Когда я впервые прочитал стихотворение, завершающееся только что приведенными строфами, стихотворение, подписанное неведомым именем «Филарет Чернов», — острой мыслью пронзила меня радостная надежда:

— Может быть, он!

Не он ли тот, пришедший, наконец, из небытия в литературу большой человек, которого ждет-не дождется нынешняя наша поэзия, истомленная, изможденная, умученная за последние годы стихотворствующей «золотой молодежью»? Журналы, толстые и тощие, альманахи и альманашки, затем и иные газеты, отводящие для пущей важности «под литературу» праздничные свои столбцы — все они переполнились поэтическими именами, чрезвычайно известными по звуку и ничего не говорящими по существу. Знаете ли вы, о чем тоскуют, пред чем бунтуют, чего взыскуют Георгий Иванов, или О. Мандельштам, или Рюрик Ивнев, или Владимир Эльснер, или М. Долинов? Из-за чего ликуют они, или из-за чего плачут? О чем молчат? О чем не спят?

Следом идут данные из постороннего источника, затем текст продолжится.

(* Let $(\mathcal{A},\circ)$ be a Novikov algebra and $\alpha$ an algebra endomorphism of $(\mathcal{A},\circ)$. Define $x\circ_\alpha y=\alpha(x)\circ\alpha(y)$ and $[x,y]^-_\alpha=\alpha(x\circ y)-\alpha(y\circ x)$ for $x,y\in\mathcal{A}$. Then $(\mathcal{A},[\cdot,\cdot]^-_\alpha,\circ_\alpha,\alpha)$ is a Hom Gel'fand-Dorfman bialgebra.
   Context: All vector spaces are over $\mathbb{C}$. A Novikov algebra is a vector space $\mathcal{A}$ with a bilinear operation $\circ$ such that $(x\circ y)\circ z=(x\circ z)\circ y$ and $(x,y,z)=(y,x,z)$ for all $x,y,z$, where $(x,y,z)=(x\circ y)\circ z-x\circ(y\circ z)$. A Hom-Novikov algebra is a vector space with a bilinear operation $\circ$ and a linear endomorphism $\alpha$ such that $(x\circ y)\circ\alpha(z)-\alpha(x)\circ(y\circ z)=(y\circ x)\circ\alpha(z)-\alpha(y)\circ(x\circ z)$ and $(x\circ y)\circ\alpha(z)=(x\circ z)\circ\alpha(y)$ for all $x,y,z$. A Hom-Lie algebra is a vector space with a bilinear map $[\cdot,\cdot]$ and a linear map $\alpha$ with $[x,y]=-[y,x]$ and $[[x,y],\alpha(z)]+[[y,z],\alpha(x)]+[[z,x],\alpha(y)]=0$. A Hom Gel'fand-Dorfman bialgebra is a vector space $\mathcal{A}$ with a linear endomorphism $\alpha$ and two bilinear operations $[\cdot,\cdot],\circ$ such that $(\mathcal{A},[\cdot,\cdot],\alpha)$ is a Hom-Lie algebra, $(\mathcal{A},\circ,\alpha)$ is a Hom-Novikov algebra, and $[x\circ y,\alpha(z)]-[x\circ z,\alpha(y)]+[x,y]\circ\alpha(z)-[x,z]\circ\alpha(y)-\alpha(x)\circ[y,z]=0$ for all $x,y,z$. *)

theory Defs
  imports Complex_Main
begin

text \<open>A complex vector space is rendered as a type 'a of class ab_group_add together
  with a scalar multiplication sc :: complex => 'a => 'a satisfying the vector space
  axioms (locale vector_space from HOL.Vector_Spaces).\<close>

definition lin_map :: "(complex \<Rightarrow> 'a::ab_group_add \<Rightarrow> 'a) \<Rightarrow> ('a \<Rightarrow> 'a) \<Rightarrow> bool" where
  "lin_map sc f \<longleftrightarrow> (\<forall>x y. f (x + y) = f x + f y) \<and> (\<forall>c x. f (sc c x) = sc c (f x))"

definition bilin_op :: "(complex \<Rightarrow> 'a::ab_group_add \<Rightarrow> 'a) \<Rightarrow> ('a \<Rightarrow> 'a \<Rightarrow> 'a) \<Rightarrow> bool" where
  "bilin_op sc m \<longleftrightarrow> (\<forall>z. lin_map sc (\<lambda>x. m x z)) \<and> (\<forall>x. lin_map sc (\<lambda>z. m x z))"

definition novikov :: "(complex \<Rightarrow> 'a::ab_group_add \<Rightarrow> 'a) \<Rightarrow> ('a \<Rightarrow> 'a \<Rightarrow> 'a) \<Rightarrow> bool" where
  "novikov sc m \<longleftrightarrow> bilin_op sc m \<and>
     (\<forall>x y z. m (m x y) z = m (m x z) y) \<and>
     (\<forall>x y z. m (m x y) z - m x (m y z) = m (m y x) z - m y (m x z))"

definition hom_novikov ::
  "(complex \<Rightarrow> 'a::ab_group_add \<Rightarrow> 'a) \<Rightarrow> ('a \<Rightarrow> 'a \<Rightarrow> 'a) \<Rightarrow> ('a \<Rightarrow> 'a) \<Rightarrow> bool" where
  "hom_novikov sc m \<alpha> \<longleftrightarrow> bilin_op sc m \<and> lin_map sc \<alpha> \<and>
     (\<forall>x y z. m (m x y) (\<alpha> z) - m (\<alpha> x) (m y z) = m (m y x) (\<alpha> z) - m (\<alpha> y) (m x z)) \<and>
     (\<forall>x y z. m (m x y) (\<alpha> z) = m (m x z) (\<alpha> y))"

definition hom_lie ::
  "(complex \<Rightarrow> 'a::ab_group_add \<Rightarrow> 'a) \<Rightarrow> ('a \<Rightarrow> 'a \<Rightarrow> 'a) \<Rightarrow> ('a \<Rightarrow> 'a) \<Rightarrow> bool" where
  "hom_lie sc b \<alpha> \<longleftrightarrow> bilin_op sc b \<and> lin_map sc \<alpha> \<and>
     (\<forall>x y. b x y = - b y x) \<and>
     (\<forall>x y z. b (b x y) (\<alpha> z) + b (b y z) (\<alpha> x) + b (b z x) (\<alpha> y) = 0)"

definition hom_GD_bialgebra ::
  "(complex \<Rightarrow> 'a::ab_group_add \<Rightarrow> 'a) \<Rightarrow> ('a \<Rightarrow> 'a \<Rightarrow> 'a) \<Rightarrow> ('a \<Rightarrow> 'a \<Rightarrow> 'a) \<Rightarrow> ('a \<Rightarrow> 'a) \<Rightarrow> bool" where
  "hom_GD_bialgebra sc b m \<alpha> \<longleftrightarrow> hom_lie sc b \<alpha> \<and> hom_novikov sc m \<alpha> \<and>
     (\<forall>x y z. b (m x y) (\<alpha> z) - b (m x z) (\<alpha> y) + m (b x y) (\<alpha> z)
              - m (b x z) (\<alpha> y) - m (\<alpha> x) (b y z) = 0)"

end

theory Submission
  imports Defs
begin

text \<open>A Novikov algebra with its commutator bracket is a Gel'fand-Dorfman bialgebra, that is,
  a Hom Gel'fand-Dorfman bialgebra with twisting map \<open>id\<close>: the commutator of a left-symmetric
  product satisfies the Jacobi identity, and the compatibility condition is a combination of two
  instances of left symmetry and one of right commutativity. Twisting all operations of a Hom
  Gel'fand-Dorfman bialgebra by a morphism \<open>\<alpha>\<close> commuting with its twisting map gives another one,
  since each twisted defining identity is \<open>\<alpha>\<^sup>2\<close> applied to an instance of the original.
  As \<open>\<alpha>\<close> is multiplicative, the structure of the theorem is the twist by \<open>\<alpha>\<close> of the
  commutator bialgebra.\<close>

definition commutator :: "('a \<Rightarrow> 'a \<Rightarrow> 'a::ab_group_add) \<Rightarrow> 'a \<Rightarrow> 'a \<Rightarrow> 'a" where
  "commutator m x y = m x y - m y x"

definition left_sym_defect :: "('a \<Rightarrow> 'a \<Rightarrow> 'a::ab_group_add) \<Rightarrow> 'a \<Rightarrow> 'a \<Rightarrow> 'a \<Rightarrow> 'a" where
  "left_sym_defect m x y z = m (m x y) z - m x (m y z) - (m (m y x) z - m y (m x z))"

lemma lin_map_diff: "lin_map sc f \<Longrightarrow> f (x - y) = f x - f y"
  unfolding lin_map_def by (metis add_diff_cancel diff_add_cancel)

lemma lin_map_zero: "lin_map sc f \<Longrightarrow> f 0 = 0"
  using lin_map_diff[of sc f 0 0] by simp

lemma lin_map_minus: "lin_map sc f \<Longrightarrow> f (- x) = - f x"
  using lin_map_diff[of sc f 0 x] by (simp add: lin_map_zero)

lemma lin_map_comp: "lin_map sc f \<Longrightarrow> lin_map sc g \<Longrightarrow> lin_map sc (\<lambda>x. f (g x))"
  unfolding lin_map_def by simp

lemma lin_map_diff_fun:
  assumes "vector_space sc" "lin_map sc f" "lin_map sc g"
  shows "lin_map sc (\<lambda>x. f x - g x)"
proof -
  interpret module sc using assms(1) by (simp add: vector_space_def module_def)
  show ?thesis using assms(2,3) unfolding lin_map_def by (simp add: algebra_simps)
qed

lemma bilin_op_diff_left: "bilin_op sc m \<Longrightarrow> m (x - y) z = m x z - m y z"
  unfolding bilin_op_def by (metis lin_map_diff)

lemma bilin_op_diff_right: "bilin_op sc m \<Longrightarrow> m z (x - y) = m z x - m z y"
  unfolding bilin_op_def by (metis lin_map_diff)

lemma commutator_jacobi:
  assumes "bilin_op sc m"
    and left_sym: "\<And>x y z. m (m x y) z - m x (m y z) = m (m y x) z - m y (m x z)"
  shows "commutator m (commutator m x y) z + commutator m (commutator m y z) x
           + commutator m (commutator m z x) y = 0"
proof -
  have "commutator m (commutator m x y) z + commutator m (commutator m y z) x
          + commutator m (commutator m z x) y
        = left_sym_defect m x y z + left_sym_defect m y z x + left_sym_defect m z x y"
    unfolding left_sym_defect_def commutator_def bilin_op_diff_left[OF assms(1)] bilin_op_diff_right[OF assms(1)]
    by (simp add: algebra_simps)
  also have "\<dots> = 0" by (simp add: left_sym_defect_def left_sym)
  finally show ?thesis .
qed

lemma novikov_commutator_compatible:
  assumes "bilin_op sc m"
    and right_comm: "\<And>x y z. m (m x y) z = m (m x z) y"
    and left_sym: "\<And>x y z. m (m x y) z - m x (m y z) = m (m y x) z - m y (m x z)"
  shows "commutator m (m x y) z - commutator m (m x z) y + m (commutator m x y) z
           - m (commutator m x z) y - m x (commutator m y z) = 0"
proof -
  have "commutator m (m x y) z - commutator m (m x z) y + m (commutator m x y) z
          - m (commutator m x z) y - m x (commutator m y z)
        = left_sym_defect m z x y - left_sym_defect m y x z + (m (m x y) z - m (m x z) y)"
    unfolding left_sym_defect_def commutator_def bilin_op_diff_left[OF assms(1)] bilin_op_diff_right[OF assms(1)]
    by (simp add: algebra_simps)
  also have "\<dots> = 0" by (simp add: left_sym_defect_def left_sym right_comm[of x y z])
  finally show ?thesis .
qed

lemma lin_map_id: "lin_map sc id"
  unfolding lin_map_def by simp

lemma novikov_commutator_GD_bialgebra:
  assumes "vector_space sc" "novikov sc m"
  shows "hom_GD_bialgebra sc (commutator m) m id"
proof -
  have bilin: "bilin_op sc m"
    and right_comm: "\<And>x y z. m (m x y) z = m (m x z) y"
    and left_sym: "\<And>x y z. m (m x y) z - m x (m y z) = m (m y x) z - m y (m x z)"
    using assms(2) unfolding novikov_def by auto
  have lin_left: "\<And>z. lin_map sc (\<lambda>x. m x z)" and lin_right: "\<And>x. lin_map sc (\<lambda>z. m x z)"
    using bilin unfolding bilin_op_def by blast+
  have "bilin_op sc (commutator m)"
    unfolding bilin_op_def commutator_def
    by (intro conjI allI lin_map_diff_fun[OF assms(1)] lin_left lin_right)
  then show ?thesis
    unfolding hom_GD_bialgebra_def hom_lie_def hom_novikov_def
    using commutator_jacobi[of sc m, OF bilin left_sym]
      novikov_commutator_compatible[of sc m, OF bilin right_comm left_sym]
      bilin left_sym right_comm
    by (simp add: lin_map_id commutator_def)
qed

lemma hom_GD_bialgebra_twist:
  assumes GD: "hom_GD_bialgebra sc b m \<beta>"
    and lin: "lin_map sc \<alpha>"
    and commute: "\<And>x. \<alpha> (\<beta> x) = \<beta> (\<alpha> x)"
    and mult_b: "\<And>x y. \<alpha> (b x y) = b (\<alpha> x) (\<alpha> y)"
    and mult_m: "\<And>x y. \<alpha> (m x y) = m (\<alpha> x) (\<alpha> y)"
  shows "hom_GD_bialgebra sc (\<lambda>x y. \<alpha> (b x y)) (\<lambda>x y. \<alpha> (m x y)) (\<lambda>x. \<alpha> (\<beta> x))"
proof -
  have bilin_b: "bilin_op sc b" and bilin_m: "bilin_op sc m" and lin_\<beta>: "lin_map sc \<beta>"
    and antisym: "\<And>x y. b x y = - b y x"
    and jacobi: "\<And>x y z. b (b x y) (\<beta> z) + b (b y z) (\<beta> x) + b (b z x) (\<beta> y) = 0"
    and left_sym: "\<And>x y z. m (m x y) (\<beta> z) - m (\<beta> x) (m y z) = m (m y x) (\<beta> z) - m (\<beta> y) (m x z)"
    and right_comm: "\<And>x y z. m (m x y) (\<beta> z) = m (m x z) (\<beta> y)"
    and compatible: "\<And>x y z. b (m x y) (\<beta> z) - b (m x z) (\<beta> y) + m (b x y) (\<beta> z)
                                  - m (b x z) (\<beta> y) - m (\<beta> x) (b y z) = 0"
    using GD unfolding hom_GD_bialgebra_def hom_lie_def hom_novikov_def by blast+
  have bilin_twist: "bilin_op sc (\<lambda>x y. \<alpha> (f x y))" if "bilin_op sc f" for f
    using that lin_map_comp[OF lin] unfolding bilin_op_def by blast
  show ?thesis
    unfolding hom_GD_bialgebra_def hom_lie_def hom_novikov_def
  proof (intro conjI allI bilin_twist bilin_b bilin_m lin_map_comp[OF lin lin_\<beta>])
    fix x y
    show "\<alpha> (b x y) = - \<alpha> (b y x)"
      by (subst antisym) (rule lin_map_minus[OF lin])
  qed (simp_all add: commute mult_b mult_m jacobi left_sym right_comm compatible)
qed

theorem corollary3p4:
  fixes sc :: "complex \<Rightarrow> 'a::ab_group_add \<Rightarrow> 'a"
    and m :: "'a \<Rightarrow> 'a \<Rightarrow> 'a" and \<alpha> :: "'a \<Rightarrow> 'a"
  assumes "vector_space sc"
    and "novikov sc m"
    and "lin_map sc \<alpha>"
    and "\<forall>x y. \<alpha> (m x y) = m (\<alpha> x) (\<alpha> y)"
  shows "hom_GD_bialgebra sc (\<lambda>x y. \<alpha> (m x y) - \<alpha> (m y x)) (\<lambda>x y. m (\<alpha> x) (\<alpha> y)) \<alpha>"
proof -
  have mult: "\<And>x y. \<alpha> (m x y) = m (\<alpha> x) (\<alpha> y)" using assms(4) by blast
  have mult_commutator: "\<And>x y. \<alpha> (commutator m x y) = commutator m (\<alpha> x) (\<alpha> y)"
    unfolding commutator_def by (simp only: lin_map_diff[OF assms(3)] mult)
  have "hom_GD_bialgebra sc (\<lambda>x y. \<alpha> (commutator m x y)) (\<lambda>x y. \<alpha> (m x y)) \<alpha>"
    using hom_GD_bialgebra_twist[of sc "commutator m" m id \<alpha>]
      novikov_commutator_GD_bialgebra[OF assms(1,2)] assms(3) mult_commutator mult by simp
  then show ?thesis
    unfolding commutator_def lin_map_diff[OF assms(3)] mult .
qed

end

Вы не уверены даже, подлинные ли это люди, волнуемые жизнью и волнующие ее, или один какой— то равнодушный, механический «псевдоним», отвечающий на рыночный «спрос» журналов поэтическим «предложением» под разными именами? Но и фантастику таких подозрений отвергает прозаический факт: они, оказывается, существуют. В Петрограде свил себе гнездо своеобразный кружок литературных щеголей, эстетствующих молодых людей, среди которых чрезвычайно модным почитается:

— Писать стихи, как Валерий Брюсов…

Или как Блок, или как Гумилев, Северянин и даже еще меньшие «мэтры»… Таким образом и наслоился в столице тот круг поэтической «золотой молодежи», которая в нутряную, лохматую, достоевски-мучительную, но и достоевски-великую русскую литературу внесла специфически ей свойственный вопрос:


— О наружности.


Насчет «приличной наружности». Или, как она это для литературной вежливости называет: о форме. Суть, дух, мессианство литературы — это для них, всех этих маменьких сынков новейшей литературщины, слишком тяжкая, безнадежно далекая тема. В вопросе же о «форме» — здесь они у себя, здесь им, как рыбе в воде, здесь они — более или менее Оскары Уайльды. Не умеющие, конечно, писать, как Уайльд. Но умеющие, как он, на должную высоту высунуть платочек из бокового кармана…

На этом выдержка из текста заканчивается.